In this paper, we draw on both qualitative and quantitative data to conduct our analysis. In our survey, respondents were asked to “Please indicate which statement best represents you” and choose one of six responses: “conflict, I consider myself to be on the side of science,” “conflict, I consider myself to be on the side of religion,” “conflict, I am unsure which side I am on,” “collaboration, each can be used to help support the other,” “independence, they refer to different aspects of reality,” and “don’t know.” We analyzed our interview respondents’ definitions of religion and spirituality by separating respondents according to their response to this question on the survey and investigating whether their views on the relationship between religion and science were associated with patterns in respondents’ definitions of religion and science.
Our qualitative data draws from a total of 80 in-depth interviews conducted in India; 61 men and 19 women in our sample. These interviews were conducted in person during two research trips to India, over the phone, and over Skype. The interviews range from 27 min to over 2 h, with most interviews just over an hour long. Our analysis of these data focused on scientists’ definitions of religion and spirituality. Although there was some minor variation in wording, the exact questions we asked were:
Could you give me your working definition of what those terms (religion and spirituality) mean? What is your working definition of “religion,” for example?
How about spirituality? Do you have a working definition of the term “spirituality”?
Do you see spirituality as something distinct from religion?
These questions gave us a sense of how our respondents understood these terms as they spoke about the topic of religion and spirituality.

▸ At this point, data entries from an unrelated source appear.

(* For every three-qubit state $\rho_{ABC}$, $$S^{\max}(\rho_{ABC})+2\,\tau(\rho_{ABC})\le 3,$$ where $S^{\max}(\rho_{ABC})=\max\{S_{AB},S_{AC},S_{BC}\}$.
   Context: For a two-qubit state $\rho$ let $t_{kl}=\mathrm{Tr}[\rho\,\sigma_k\otimes\sigma_l]$ ($\sigma_k$ Pauli matrices) and $S(\rho)=\sum_{k,l=1}^3 t_{kl}^2$; $S_{ij}=S(\rho_{ij})$ for the two-qubit reduced states $\rho_{ij}$ of $\rho_{ABC}$. $\tau$ is the three-tangle: for a pure state, $\tau=1-|\vec a|^2-\mathcal C_{AB}^2-\mathcal C_{AC}^2$, where $\vec a$ with $a_k=\mathrm{Tr}[\rho_A\sigma_k]$ is the Bloch vector of qubit $A$ and $\mathcal C_{ij}$ is the Wootters concurrence of $\rho_{ij}$ ($\mathcal C(\rho)=\max\{0,\lambda_1-\lambda_2-\lambda_3-\lambda_4\}$, $\lambda_i$ the decreasingly ordered square roots of the eigenvalues of $\rho(\sigma_2\otimes\sigma_2)\rho^*(\sigma_2\otimes\sigma_2)$); for a mixed state $\tau$ is the convex roof, i.e. the minimum of $\sum_n p_n\tau(\psi_n)$ over pure-state decompositions $\rho=\sum_n p_n|\psi_n\rangle\langle\psi_n|$. *)

theory Defs
  imports "Jordan_Normal_Form.Matrix" "Jordan_Normal_Form.Char_Poly"
begin

text \<open>Qubit ordering for a three-qubit state: basis index 4*a + 2*b + c for qubits A,B,C.
  For two-qubit states: index 2*x + y.\<close>

definition pauli :: "nat \<Rightarrow> complex mat" where
  "pauli k = mat 2 2 (\<lambda>(i,j).
     if k = 1 then (if i \<noteq> j then 1 else 0)
     else if k = 2 then (if i = 0 \<and> j = 1 then - \<i> else if i = 1 \<and> j = 0 then \<i> else 0)
     else if k = 3 then (if i = j then (if i = 0 then 1 else -1) else 0)
     else (if i = j then 1 else 0))"

definition kron :: "complex mat \<Rightarrow> complex mat \<Rightarrow> complex mat" where
  "kron A B = mat (dim_row A * dim_row B) (dim_col A * dim_col B)
     (\<lambda>(i,j). A $$ (i div dim_row B, j div dim_col B) * B $$ (i mod dim_row B, j mod dim_col B))"

definition adjoint :: "complex mat \<Rightarrow> complex mat" where
  "adjoint A = mat (dim_col A) (dim_row A) (\<lambda>(i,j). cnj (A $$ (j,i)))"

definition mconj :: "complex mat \<Rightarrow> complex mat" where
  "mconj A = mat (dim_row A) (dim_col A) (\<lambda>(i,j). cnj (A $$ (i,j)))"

definition mtrace :: "complex mat \<Rightarrow> complex" where
  "mtrace A = (\<Sum>i<dim_row A. A $$ (i,i))"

Further, we were interested in patterns that stood out as unique to the Indian context.
In the first stage of data analysis, we coded our data using a closed coding scheme. This coding scheme addressed definitions of religion and spirituality, distinguishing between responses that identified characteristics of religion from those that identified the role and effects of religion and then examining common themes within those responses. There were 16 codes on definitions of religion, 9 codes on definitions of spirituality, and 5 codes on the relationship between religion and spirituality. Our team entered a 1 if a code emerged in respondents’ narratives and a 0 if it did not. Whenever a 1 was entered, a representative quote was recorded as well. In the next stage of analysis, we analyzed themes that emerged from our closed coding scheme. Finally, after analyzing the qualitative data in isolation, we separated interview respondents according to their responses to the survey question on the relationship between religion and science. We conducted an inductive analysis of these data, looking for trends in respondents’ definitions of religion and spirituality within and across their views on the relationship between religion and spirituality. In particular, we were interested in differences in the ways respondents understood religion and spirituality when they viewed the relationship between religion and science as one of conflict, collaboration, and independence.

6. Results

We begin by reviewing our respondent’s definitions of religion, followed by their definitions of spirituality. Following this, our respondents’ views of the relationship between religion and spirituality. Finally, we describe the ways respondent’s definitions of religion and spirituality, and the relationship between them, were linked to their view on the relationship between religion and science.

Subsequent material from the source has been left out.